___ DATA SHOWN ___

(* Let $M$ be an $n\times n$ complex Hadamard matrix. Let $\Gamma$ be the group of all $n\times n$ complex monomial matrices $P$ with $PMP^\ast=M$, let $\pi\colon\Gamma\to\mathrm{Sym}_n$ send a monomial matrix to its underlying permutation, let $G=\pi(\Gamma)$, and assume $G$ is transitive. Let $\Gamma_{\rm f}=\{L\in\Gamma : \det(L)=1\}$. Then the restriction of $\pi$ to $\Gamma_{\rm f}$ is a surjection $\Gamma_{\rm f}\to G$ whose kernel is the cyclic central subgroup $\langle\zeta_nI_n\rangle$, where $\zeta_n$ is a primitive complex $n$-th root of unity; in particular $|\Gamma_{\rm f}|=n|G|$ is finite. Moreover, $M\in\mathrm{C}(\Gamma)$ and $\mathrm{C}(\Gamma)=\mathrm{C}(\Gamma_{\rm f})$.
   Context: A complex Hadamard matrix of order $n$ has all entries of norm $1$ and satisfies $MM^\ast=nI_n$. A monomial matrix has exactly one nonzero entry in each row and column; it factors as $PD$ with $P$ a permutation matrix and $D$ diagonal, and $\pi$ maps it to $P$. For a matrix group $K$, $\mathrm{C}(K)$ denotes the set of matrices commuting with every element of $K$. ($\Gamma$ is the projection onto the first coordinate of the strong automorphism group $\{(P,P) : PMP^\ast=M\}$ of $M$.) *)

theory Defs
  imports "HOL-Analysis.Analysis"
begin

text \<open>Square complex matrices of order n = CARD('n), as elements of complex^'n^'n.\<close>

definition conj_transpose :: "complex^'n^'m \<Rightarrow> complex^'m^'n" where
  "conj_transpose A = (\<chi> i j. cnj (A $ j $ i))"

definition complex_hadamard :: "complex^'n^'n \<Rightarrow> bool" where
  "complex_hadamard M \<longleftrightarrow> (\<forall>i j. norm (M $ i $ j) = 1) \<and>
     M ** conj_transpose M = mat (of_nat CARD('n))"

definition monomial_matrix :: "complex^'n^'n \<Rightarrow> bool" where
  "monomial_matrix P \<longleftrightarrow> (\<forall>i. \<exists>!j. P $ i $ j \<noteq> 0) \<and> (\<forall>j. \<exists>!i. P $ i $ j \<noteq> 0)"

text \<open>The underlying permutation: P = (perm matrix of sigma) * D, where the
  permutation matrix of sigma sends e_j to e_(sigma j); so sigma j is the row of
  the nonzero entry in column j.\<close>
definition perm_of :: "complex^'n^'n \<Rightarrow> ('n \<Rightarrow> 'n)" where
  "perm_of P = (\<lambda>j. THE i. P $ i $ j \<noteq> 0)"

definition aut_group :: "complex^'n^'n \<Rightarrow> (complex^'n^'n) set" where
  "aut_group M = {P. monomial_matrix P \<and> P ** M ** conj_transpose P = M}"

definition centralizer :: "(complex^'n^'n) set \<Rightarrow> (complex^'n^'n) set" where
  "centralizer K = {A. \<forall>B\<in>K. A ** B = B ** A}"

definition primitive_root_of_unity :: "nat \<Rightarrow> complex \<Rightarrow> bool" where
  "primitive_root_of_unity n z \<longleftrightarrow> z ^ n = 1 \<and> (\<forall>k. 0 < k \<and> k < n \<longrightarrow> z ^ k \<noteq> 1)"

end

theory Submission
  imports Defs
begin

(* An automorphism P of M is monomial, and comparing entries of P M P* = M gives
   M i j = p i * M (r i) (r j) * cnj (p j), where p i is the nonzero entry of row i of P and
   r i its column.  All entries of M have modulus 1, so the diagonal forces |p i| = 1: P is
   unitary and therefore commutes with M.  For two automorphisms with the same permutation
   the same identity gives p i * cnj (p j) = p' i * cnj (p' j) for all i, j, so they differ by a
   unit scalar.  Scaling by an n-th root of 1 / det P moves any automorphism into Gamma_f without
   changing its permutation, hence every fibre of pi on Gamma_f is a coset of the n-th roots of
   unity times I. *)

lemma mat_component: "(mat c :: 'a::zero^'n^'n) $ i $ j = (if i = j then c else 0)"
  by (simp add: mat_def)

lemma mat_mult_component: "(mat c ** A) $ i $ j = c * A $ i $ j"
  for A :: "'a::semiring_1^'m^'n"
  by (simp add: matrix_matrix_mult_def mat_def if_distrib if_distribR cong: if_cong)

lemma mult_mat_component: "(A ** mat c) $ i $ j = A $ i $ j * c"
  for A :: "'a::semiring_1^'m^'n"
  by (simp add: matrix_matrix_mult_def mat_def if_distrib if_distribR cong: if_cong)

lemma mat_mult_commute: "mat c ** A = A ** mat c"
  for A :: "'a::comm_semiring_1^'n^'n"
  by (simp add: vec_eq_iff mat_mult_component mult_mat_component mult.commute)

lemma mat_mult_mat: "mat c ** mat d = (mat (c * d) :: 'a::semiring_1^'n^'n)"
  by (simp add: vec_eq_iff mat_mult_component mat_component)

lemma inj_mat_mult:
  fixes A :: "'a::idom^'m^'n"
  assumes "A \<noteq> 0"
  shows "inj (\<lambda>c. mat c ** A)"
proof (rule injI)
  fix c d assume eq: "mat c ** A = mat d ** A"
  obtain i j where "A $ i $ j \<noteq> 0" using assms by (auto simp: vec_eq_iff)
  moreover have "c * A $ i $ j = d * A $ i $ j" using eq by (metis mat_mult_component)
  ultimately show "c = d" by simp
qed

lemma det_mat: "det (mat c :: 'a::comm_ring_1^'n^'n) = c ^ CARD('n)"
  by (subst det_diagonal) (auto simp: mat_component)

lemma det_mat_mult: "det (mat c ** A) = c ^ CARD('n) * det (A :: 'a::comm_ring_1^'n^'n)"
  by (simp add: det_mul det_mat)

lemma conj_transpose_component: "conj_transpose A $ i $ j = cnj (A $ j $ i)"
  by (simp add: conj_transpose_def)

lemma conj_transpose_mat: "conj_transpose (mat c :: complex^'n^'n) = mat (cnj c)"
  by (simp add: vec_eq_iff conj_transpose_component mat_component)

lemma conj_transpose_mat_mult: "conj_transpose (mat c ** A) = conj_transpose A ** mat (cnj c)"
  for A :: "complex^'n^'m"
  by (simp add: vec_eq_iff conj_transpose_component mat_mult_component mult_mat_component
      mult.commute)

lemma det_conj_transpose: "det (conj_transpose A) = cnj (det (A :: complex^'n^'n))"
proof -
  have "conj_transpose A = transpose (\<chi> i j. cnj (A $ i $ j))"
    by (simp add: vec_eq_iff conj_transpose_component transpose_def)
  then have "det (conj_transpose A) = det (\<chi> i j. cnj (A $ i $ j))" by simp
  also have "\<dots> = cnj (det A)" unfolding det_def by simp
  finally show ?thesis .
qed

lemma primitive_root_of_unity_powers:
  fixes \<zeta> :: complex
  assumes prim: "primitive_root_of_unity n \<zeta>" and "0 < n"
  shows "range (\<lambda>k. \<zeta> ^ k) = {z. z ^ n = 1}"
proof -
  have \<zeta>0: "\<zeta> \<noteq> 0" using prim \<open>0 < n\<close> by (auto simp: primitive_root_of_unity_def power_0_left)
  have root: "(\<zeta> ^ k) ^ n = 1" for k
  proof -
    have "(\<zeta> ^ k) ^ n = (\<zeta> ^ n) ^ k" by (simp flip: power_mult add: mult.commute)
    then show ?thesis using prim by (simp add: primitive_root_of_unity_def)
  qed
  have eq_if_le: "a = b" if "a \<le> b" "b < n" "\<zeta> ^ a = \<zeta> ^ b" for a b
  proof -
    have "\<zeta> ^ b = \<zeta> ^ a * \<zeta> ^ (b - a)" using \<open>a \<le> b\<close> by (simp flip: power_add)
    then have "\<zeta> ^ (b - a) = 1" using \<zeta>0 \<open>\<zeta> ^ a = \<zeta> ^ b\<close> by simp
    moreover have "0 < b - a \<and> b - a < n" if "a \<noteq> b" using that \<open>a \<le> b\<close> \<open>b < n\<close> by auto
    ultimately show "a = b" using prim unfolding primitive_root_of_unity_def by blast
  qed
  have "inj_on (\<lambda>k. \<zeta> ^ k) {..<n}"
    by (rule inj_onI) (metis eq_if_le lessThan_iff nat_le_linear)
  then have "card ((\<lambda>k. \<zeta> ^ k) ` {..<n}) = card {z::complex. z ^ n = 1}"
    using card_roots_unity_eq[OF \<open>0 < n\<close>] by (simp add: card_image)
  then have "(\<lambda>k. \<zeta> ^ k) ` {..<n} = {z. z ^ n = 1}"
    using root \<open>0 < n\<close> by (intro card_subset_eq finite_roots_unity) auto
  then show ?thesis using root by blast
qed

___
___ DATA SHOWN ___

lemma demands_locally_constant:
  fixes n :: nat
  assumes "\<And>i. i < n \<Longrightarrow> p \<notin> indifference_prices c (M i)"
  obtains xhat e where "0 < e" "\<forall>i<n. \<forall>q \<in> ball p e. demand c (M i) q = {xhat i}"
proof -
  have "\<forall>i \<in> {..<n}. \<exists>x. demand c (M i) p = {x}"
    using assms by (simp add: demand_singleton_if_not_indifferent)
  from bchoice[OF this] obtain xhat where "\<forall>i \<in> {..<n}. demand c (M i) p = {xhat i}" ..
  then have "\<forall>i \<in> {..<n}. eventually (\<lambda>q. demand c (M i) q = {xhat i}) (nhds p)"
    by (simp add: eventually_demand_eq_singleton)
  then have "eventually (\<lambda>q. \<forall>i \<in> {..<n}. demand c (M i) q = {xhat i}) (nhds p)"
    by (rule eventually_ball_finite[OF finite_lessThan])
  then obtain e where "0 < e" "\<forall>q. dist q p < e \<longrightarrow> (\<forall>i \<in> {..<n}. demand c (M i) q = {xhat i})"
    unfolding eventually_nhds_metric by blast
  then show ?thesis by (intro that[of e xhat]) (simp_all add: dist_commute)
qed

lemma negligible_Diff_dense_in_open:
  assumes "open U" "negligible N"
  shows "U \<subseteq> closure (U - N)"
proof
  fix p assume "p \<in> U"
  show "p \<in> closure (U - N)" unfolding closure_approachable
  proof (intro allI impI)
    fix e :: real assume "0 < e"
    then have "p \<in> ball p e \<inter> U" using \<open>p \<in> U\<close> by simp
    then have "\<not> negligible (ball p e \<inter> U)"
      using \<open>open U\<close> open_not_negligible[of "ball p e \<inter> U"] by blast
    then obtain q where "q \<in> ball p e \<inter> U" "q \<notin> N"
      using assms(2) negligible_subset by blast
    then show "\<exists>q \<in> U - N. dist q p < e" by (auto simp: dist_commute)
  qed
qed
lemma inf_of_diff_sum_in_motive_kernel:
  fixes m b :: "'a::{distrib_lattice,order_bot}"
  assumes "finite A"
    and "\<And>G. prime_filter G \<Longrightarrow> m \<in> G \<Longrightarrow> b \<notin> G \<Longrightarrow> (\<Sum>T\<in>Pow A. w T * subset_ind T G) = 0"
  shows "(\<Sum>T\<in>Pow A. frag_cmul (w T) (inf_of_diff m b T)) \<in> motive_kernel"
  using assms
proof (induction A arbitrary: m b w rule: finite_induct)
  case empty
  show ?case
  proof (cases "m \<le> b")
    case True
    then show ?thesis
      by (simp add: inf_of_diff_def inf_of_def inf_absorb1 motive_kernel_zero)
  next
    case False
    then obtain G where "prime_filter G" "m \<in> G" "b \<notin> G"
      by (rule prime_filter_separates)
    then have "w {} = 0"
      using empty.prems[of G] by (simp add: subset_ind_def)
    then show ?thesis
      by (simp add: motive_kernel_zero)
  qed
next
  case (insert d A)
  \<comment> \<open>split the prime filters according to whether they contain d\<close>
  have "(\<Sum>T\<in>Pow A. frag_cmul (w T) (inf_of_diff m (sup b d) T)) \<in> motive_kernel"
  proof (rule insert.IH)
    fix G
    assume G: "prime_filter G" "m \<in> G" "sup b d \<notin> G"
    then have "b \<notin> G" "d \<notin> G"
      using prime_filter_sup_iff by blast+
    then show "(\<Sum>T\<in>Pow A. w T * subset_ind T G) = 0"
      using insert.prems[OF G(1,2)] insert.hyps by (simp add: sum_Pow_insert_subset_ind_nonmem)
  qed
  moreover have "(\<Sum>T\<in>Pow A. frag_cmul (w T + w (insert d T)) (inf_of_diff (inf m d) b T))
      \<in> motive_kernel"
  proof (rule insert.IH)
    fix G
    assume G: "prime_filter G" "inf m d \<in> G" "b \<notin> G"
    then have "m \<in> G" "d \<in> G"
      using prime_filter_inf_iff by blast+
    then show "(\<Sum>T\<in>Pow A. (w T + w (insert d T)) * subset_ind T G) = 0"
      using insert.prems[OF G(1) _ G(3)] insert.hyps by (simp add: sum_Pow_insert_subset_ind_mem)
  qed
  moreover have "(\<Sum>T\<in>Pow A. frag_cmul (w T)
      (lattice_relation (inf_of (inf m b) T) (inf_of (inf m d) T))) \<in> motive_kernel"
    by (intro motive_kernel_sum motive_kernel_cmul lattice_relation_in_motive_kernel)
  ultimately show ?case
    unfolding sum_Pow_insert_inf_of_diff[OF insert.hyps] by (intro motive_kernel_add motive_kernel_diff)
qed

___

YOUR TASK: In how many lines of the records does the word "gives" appear? Answer with the number only.

RESULT: 2